Finding product and power combinations of roots of cubic Let $\alpha_1,\alpha_2,\alpha_3 \in \mathbb{C}$ be the roots of the polynomial $f(x)=x^3-x+z$. What is the irreducible polynomial of $\beta=\alpha_1^k\alpha_2^j$ over $\mathbb{Q}$ for positive integers k and j?
having either j,k=0 is trivial
j,k=1 gives
$\;x^3-x^2-1$.
j=1,k=2 results in the following sextic, which I beleive can be rededuced to two cubics, but I don't know how:
$x^6-3zx^5+(6z^2-1)x^4+(2z-7z^3)x^3+(6z^4-z^2)x^2-3z^5x+z^6=0$
Edit:
wolframalpha  seems to suggest the sextic is solvable (in this case , letting z =1/5)
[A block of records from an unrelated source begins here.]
lemma sin_exponent_bounds:
  fixes b x x' x'' t :: real
  assumes "0 \<le> b" "\<bar>t * x'\<bar> \<le> \<beta>" "\<bar>t * ln t * x'\<bar> \<le> \<alpha>"
    "\<bar>t^2 * ln t * x'^2\<bar> \<le> \<gamma>" "\<bar>t^2 * ln t * x''\<bar> \<le> \<delta>"
  shows "\<bar>t * ln t * (b * cos x * x')\<bar> \<le> b * \<alpha>"
    "\<bar>t^2 * ln t * (b * (cos x * x'' - sin x * x'^2)) + 2 * t * (b * cos x * x')\<bar>
       \<le> b * (\<gamma> + \<delta> + 2 * \<beta>)"
proof -
  have cos_mult: "\<bar>cos x * y\<bar> \<le> \<bar>y\<bar>" and sin_mult: "\<bar>sin x * y\<bar> \<le> \<bar>y\<bar>" for y
    by (simp_all add: abs_mult mult_left_le_one_le)
  have "\<bar>t * ln t * (b * cos x * x')\<bar> = b * \<bar>cos x * (t * ln t * x')\<bar>"
    using assms(1) by (simp add: abs_mult ac_simps)
  also have "\<dots> \<le> b * \<alpha>"
    using assms(1,3) cos_mult[of "t * ln t * x'"] by (intro mult_left_mono) auto
  finally show "\<bar>t * ln t * (b * cos x * x')\<bar> \<le> b * \<alpha>" .
  have "t^2 * ln t * (b * (cos x * x'' - sin x * x'^2)) + 2 * t * (b * cos x * x')
      = b * (cos x * (t^2 * ln t * x'') - sin x * (t^2 * ln t * x'^2) + 2 * (cos x * (t * x')))"
    by (simp add: algebra_simps)
  also have "\<bar>\<dots>\<bar> \<le> b * (\<gamma> + \<delta> + 2 * \<beta>)"
  proof -
    have "\<bar>cos x * (t^2 * ln t * x'')\<bar> \<le> \<delta>" "\<bar>sin x * (t^2 * ln t * x'^2)\<bar> \<le> \<gamma>"
      "\<bar>cos x * (t * x')\<bar> \<le> \<beta>"
      using assms cos_mult sin_mult order_trans by metis+
    then have "\<bar>cos x * (t^2 * ln t * x'') - sin x * (t^2 * ln t * x'^2) + 2 * (cos x * (t * x'))\<bar>
        \<le> \<gamma> + \<delta> + 2 * \<beta>"
      unfolding abs_le_iff by linarith
    then show ?thesis using assms(1) by (simp add: abs_mult mult_left_mono)
  qed
  finally show "\<bar>t^2 * ln t * (b * (cos x * x'' - sin x * x'^2)) + 2 * t * (b * cos x * x')\<bar>
       \<le> b * (\<gamma> + \<delta> + 2 * \<beta>)" .
qed

lemma powr_exponent_derivatives:
  fixes P P' P'' :: "real \<Rightarrow> real"
  assumes P': "\<And>s. 0 < s \<Longrightarrow> (P has_real_derivative P' s) (at s)"
    and P'': "\<And>s. 0 < s \<Longrightarrow> (P' has_real_derivative P'' s) (at s)"
    and t: "0 < t"
  defines "g \<equiv> \<lambda>s. s powr P s"
  defines "A \<equiv> t * ln t * P' t + P t"
  shows "(g has_real_derivative deriv g t) (at t)"
    "(deriv g has_real_derivative deriv (deriv g) t) (at t)"
    "t * deriv g t = g t * A"
    "t^2 * deriv (deriv g) t = g t * (A^2 + t^2 * ln t * P'' t + 2 * t * P' t - P t)"
proof -
  define q where "q s = P' s * ln s + P s / s" for s
  have dg: "(g has_real_derivative g s * q s) (at s)" if "0 < s" for s
    using DERIV_powr[OF DERIV_ident that P'[OF that]] that unfolding g_def q_def by simp
  then have deriv_g: "deriv g s = g s * q s" if "0 < s" for s
    using that by (simp add: DERIV_imp_deriv)
  show "(g has_real_derivative deriv g t) (at t)" using dg[OF t] deriv_g[OF t] by simp
  show "t * deriv g t = g t * A" unfolding deriv_g[OF t] q_def A_def using t by (simp add: field_simps)
  have "((\<lambda>s. g s * q s) has_real_derivative
      g t * (q t^2 + P'' t * ln t + 2 * P' t / t - P t / t^2)) (at t)"
    using t dg[OF t] P'[OF t] P''[OF t]
    by (auto intro!: derivative_eq_intros simp: q_def field_simps power2_eq_square)
  then have ddg: "(deriv g has_real_derivative
      g t * (q t^2 + P'' t * ln t + 2 * P' t / t - P t / t^2)) (at t)"
    by (rule has_field_derivative_transform_within_open[where S="{0<..}"]) (use t deriv_g in auto)
  then show "(deriv g has_real_derivative deriv (deriv g) t) (at t)"
    by (simp add: DERIV_imp_deriv)
  show "t^2 * deriv (deriv g) t = g t * (A^2 + t^2 * ln t * P'' t + 2 * t * P' t - P t)"
    unfolding DERIV_imp_deriv[OF ddg] q_def A_def using t by (simp add: field_simps power2_eq_square)
qed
https://www.wolframalpha.com/input/?i=x%5E6-3*%281%2F5%29x%5E5%2B%286%281%2F5%29%5E2-1%29x%5E4%2B%282*%281%2F5%29-7*%281%2F5%29%5E3%29x%5E3%2B%286*%281%2F5%29%5E4-%281%2F5%29%5E2%29x%5E2-3*%281%2F5%29%5E5*x%2B%281%2F5%29%5E6%3D0
the output suggests the sexic is of the form $(a-x)^6+b(a-x)^4+c(a-x)^2+d$
equating the coefficients a,b,c,d gives the desired result
$a=z/2,b=9z^2/4-1,c=(z^2/16)(27z^2+8),d=(z^4/64)(27z^2-4)$
this is obviously solvable
remains to be de determined if this works for all j,k
 A: $p_j^{(f)}=\alpha_1^j+\alpha_2^j+\alpha_3^j$ can be calculated in terms of the coefficients of $f(x)$ by Newton's identities.
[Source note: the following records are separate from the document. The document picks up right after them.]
(* Let $\lambda$ be Lebesgue measure on $[0,1)$. For every sequence $(x_n)_{n\ge1}$ in $[0,1)$ and every scale sequence $(s_n)_{n\ge1}$, the function $\omega(x)=\liminf_{n\to\infty} s_n\,|x_n-x|$ satisfies $\omega(x)\in\{0,\infty\}$ for $\lambda$-almost every $x\in[0,1)$. That is, $\lambda$ is decisive.
   Context: A scale sequence is a sequence of positive reals $s_n$ with $s_n\to\infty$. A Borel probability measure $\nu$ on a metric space $(X,d)$ is decisive if for every sequence $(x_n)$ in $X$ and every scale sequence $(s_n)$, the function $\omega(x)=\liminf_n s_n d(x_n,x)$ lies in $\{0,\infty\}$ for $\nu$-a.e. $x$. *)

theory Defs
  imports "HOL-Analysis.Analysis"
begin

definition scale_seq :: "(nat \<Rightarrow> real) \<Rightarrow> bool" where
  "scale_seq s \<longleftrightarrow> (\<forall>n. 0 < s n) \<and> filterlim s at_top sequentially"

definition decisive :: "'a measure \<Rightarrow> ('a \<Rightarrow> 'a \<Rightarrow> real) \<Rightarrow> bool" where
  "decisive M d \<longleftrightarrow>
     (\<forall>xs s. (\<forall>n. xs n \<in> space M) \<longrightarrow> scale_seq s \<longrightarrow>
        (AE x in M. liminf (\<lambda>n. ereal (s n * d (xs n) x)) \<in> {0, \<infinity>}))"

end

theory Submission imports Defs begin

text \<open>If \<open>0 < liminf s\<^sub>n |x\<^sub>n - x| < \<infinity>\<close>, then for rationals \<open>0 < c' < c\<close> and some \<open>N\<close> the point
  \<open>x\<close> lies in the set \<open>S\<close> of points with \<open>s\<^sub>n |x\<^sub>n - x| \<ge> c'\<close> for all \<open>n \<ge> N\<close> and
  \<open>s\<^sub>n |x\<^sub>n - x| < c\<close> infinitely often; there are countably many such sets. Each of them is null:
  around any of its points \<open>x\<close>, for suitable large \<open>n\<close>, the ball of radius \<open>(c + c')/s\<^sub>n\<close> about
  \<open>x\<close> contains the ball of radius \<open>c'/s\<^sub>n\<close> about \<open>x\<^sub>n\<close>, which misses \<open>S\<close>. So \<open>S\<close> has density at
  most \<open>c/(c + c') < 1\<close> in arbitrarily small balls around each of its points, and a Vitali
  covering argument shows that such a set has measure zero.\<close>

lemma emeasure_lborel_ball_real: "0 \<le> r \<Longrightarrow> emeasure lborel (ball (a::real) r) = ennreal (2 * r)"
  by (simp add: ball_eq_greaterThanLessThan)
The polynomial $g(x)=x^3f\left(\frac{1}{x}\right)=z\,x^3-x^2+1$ has roots $\,\frac{1}{\alpha_p}\,$, so $p_k^{(g)}=\frac{1}{\alpha_1^k}+\frac{1}{\alpha_2^k}+\frac{1}{\alpha_3^k}$ can also be calculated in terms of $z$ using the same identities.
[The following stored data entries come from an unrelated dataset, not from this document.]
lemma upper_triangular_mult:
  assumes "T \<in> carrier_mat n n" "S \<in> carrier_mat n n" "upper_triangular T" "upper_triangular S"
  shows "upper_triangular (T * S)"
    and "diag_mat (T * S) = map2 (*) (diag_mat T) (diag_mat S)"
proof -
  have prod: "(T * S) $$ (i, j) = (\<Sum>k<n. T $$ (i, k) * S $$ (k, j))" if "i < n" "j < n" for i j
    using assms that by (simp add: index_mult_mat_sum del: index_mult_mat(1))
  have T0: "T $$ (i, k) = 0" if "k < i" "i < n" for i k
    using upper_triangularD[OF assms(3) that(1)] that(2) assms(1) by simp
  have S0: "S $$ (k, j) = 0" if "j < k" "k < n" for j k
    using upper_triangularD[OF assms(4) that(1)] that(2) assms(2) by simp
  show "upper_triangular (T * S)"
  proof (rule upper_triangularI)
    fix i j
    assume ji: "j < i" and "i < dim_row (T * S)"
    then have i: "i < n" using assms(1) by simp
    have "T $$ (i, k) * S $$ (k, j) = 0" if "k < n" for k
      using T0[of k i] S0[of j k] that ji i by (cases "k < i") auto
    with ji i show "(T * S) $$ (i, j) = 0" by (simp add: prod)
  qed
  have "(T * S) $$ (i, i) = T $$ (i, i) * S $$ (i, i)" if i: "i < n" for i
  proof -
    have "(T * S) $$ (i, i) = (\<Sum>k<n. if k = i then T $$ (i, i) * S $$ (i, i) else 0)"
      unfolding prod[OF i i]
    proof (rule sum.cong)
      fix k
      assume "k \<in> {..<n}"
      then show "T $$ (i, k) * S $$ (k, i) = (if k = i then T $$ (i, i) * S $$ (i, i) else 0)"
        using T0[of k i] S0[of i k] i by (cases k i rule: linorder_cases) auto
    qed simp
    with i show ?thesis by simp
  qed
  then show "diag_mat (T * S) = map2 (*) (diag_mat T) (diag_mat S)"
    using assms by (intro nth_equalityI) (auto simp: diag_mat_def)
qed

lemma similar_upper_triangular_square:
  assumes "similar_upper_triangular A ds"
  shows "similar_upper_triangular (A * A) (map (\<lambda>d. d * d) ds)"
proof -
  obtain T P Q where wit: "similar_mat_wit A T P Q" "upper_triangular T" "diag_mat T = ds"
    using assms unfolding similar_upper_triangular_def by blast
  define n where "n = dim_row A"
  note w = similar_mat_witD[OF n_def wit(1)]
  have "A ^\<^sub>m 2 = P * T ^\<^sub>m 2 * Q" by (rule similar_mat_wit_pow_id[OF wit(1)])
  moreover have "A ^\<^sub>m 2 = A * A" "T ^\<^sub>m 2 = T * T"
    using w(4,5) by (simp_all add: numeral_2_eq_2)
  ultimately have "similar_mat_wit (A * A) (T * T) P Q"
    using w by (intro similar_mat_witI[of _ _ n]) auto
  moreover have "diag_mat (T * T) = map (\<lambda>d. d * d) ds"
    using upper_triangular_mult(2)[OF w(5) w(5) wit(2) wit(2)] wit(3)
    by (simp add: zip_same_conv_map comp_def)
  ultimately show ?thesis
    using upper_triangular_mult(1)[OF w(5) w(5) wit(2) wit(2)]
    unfolding similar_upper_triangular_def by blast
qed

section \<open>Spectral formulas for entropy and trace distance\<close>

lemma vn_entropy_eq_shannon_entropy:
  assumes "similar_upper_triangular A (map of_real p)"
  shows "vn_entropy A = shannon_entropy p"
proof -
  have xlogx: "(if x = 0 then 0 else x * log 2 x) = x * log 2 x" for x :: real
    by simp
  show ?thesis
    unfolding vn_entropy_def shannon_entropy_def
      sum_list_map_eigvals[OF assms, of "\<lambda>l. if Re l = 0 then 0 else Re l * log 2 (Re l)"]
    by (simp add: comp_def xlogx)
qed

lemma trace_dist_max_mixed_eq_abs_dev:
  assumes A: "A \<in> carrier_mat n n" and herm: "mat_adjoint A = A"
    and tri: "similar_upper_triangular A (map of_real p)"
  shows "trace_dist A (max_mixed n) = abs_dev p (1 / real n) / 2"
proof -
  define c where "c = 1 / real n"
  define M where "M = A - of_real c \<cdot>\<^sub>m 1\<^sub>m n"
  have herm_M: "mat_adjoint M = M"
  proof (rule eq_matI)
    fix i j
    assume "i < dim_row M" "j < dim_col M"
    then have ij: "i < n" "j < n" using A by (auto simp: M_def)
    have "conjugate (A $$ (j, i)) = A $$ (i, j)"
      using index_mat_adjoint[of i A j] herm A ij by simp
    with A ij show "mat_adjoint M $$ (i, j) = M $$ (i, j)" by (simp add: M_def)
  qed (use A in \<open>simp_all add: M_def\<close>)
  have "similar_upper_triangular M (map (\<lambda>x. of_real (x - c)) p)"
    using similar_upper_triangular_minus_scalar[OF tri, of "of_real c"] A
    by (simp add: M_def comp_def)
  from similar_upper_triangular_square[OF this]
  have "similar_upper_triangular (mat_adjoint M * M) (map (\<lambda>x. of_real ((x - c)\<^sup>2)) p)"
    by (simp add: herm_M comp_def power2_eq_square)
  from sum_list_map_eigvals[OF this, of "\<lambda>m. sqrt (Re m)"]
  have "trace_norm M = abs_dev p c"
    by (simp add: trace_norm_def abs_dev_def comp_def)
  moreover have "max_mixed n = of_real c \<cdot>\<^sub>m 1\<^sub>m n" by (simp add: max_mixed_def c_def)
  ultimately show ?thesis by (simp add: trace_dist_def M_def c_def)
qed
For $j=k$ it follows that $\beta_1=\alpha_2^k\alpha_3^k, \beta_2=\alpha_1^k\alpha_3^k, \beta_3=\alpha_1^k\alpha_2^k$ are the roots of the cubic $t^3 - e_1 t^2 + e_2 t - e_3$ where:

*

*$e_1=\beta_1+\beta_2+\beta_3=\left(\alpha_1\alpha_2\alpha_3\right)^k \left(\frac{1}{\alpha_1^k}+\frac{1}{\alpha_2^k}+\frac{1}{\alpha_3^k}\right)=(-z)^k \,p_k^{(g)}$


*$e_2 = \beta_1\beta_2+\beta_1\beta_3+\beta_2\beta_3=\left(\alpha_1\alpha_2\alpha_3\right)^k \left(\alpha_1^k+\alpha_2^k+\alpha_3^k\right)=(-z)^k\,p_k^{(f)}$


*$e_3 = \beta_2\beta_2\beta_3=\left(\alpha_1\alpha_2\alpha_3\right)^{2k}=z^{2k}$
For $j \ne k\,$, it follows using a similar argument that $x=\alpha_i^k$ will be the roots of a cubic $k(x)$, and $y=\alpha_i^j$ the roots of a different cubic $j(y)$. The products $\beta=\alpha_i^k\alpha_{i^i}^j \,\big|_{i \ne i'}$ will be the roots of a sextic, which is irreducible in the general case.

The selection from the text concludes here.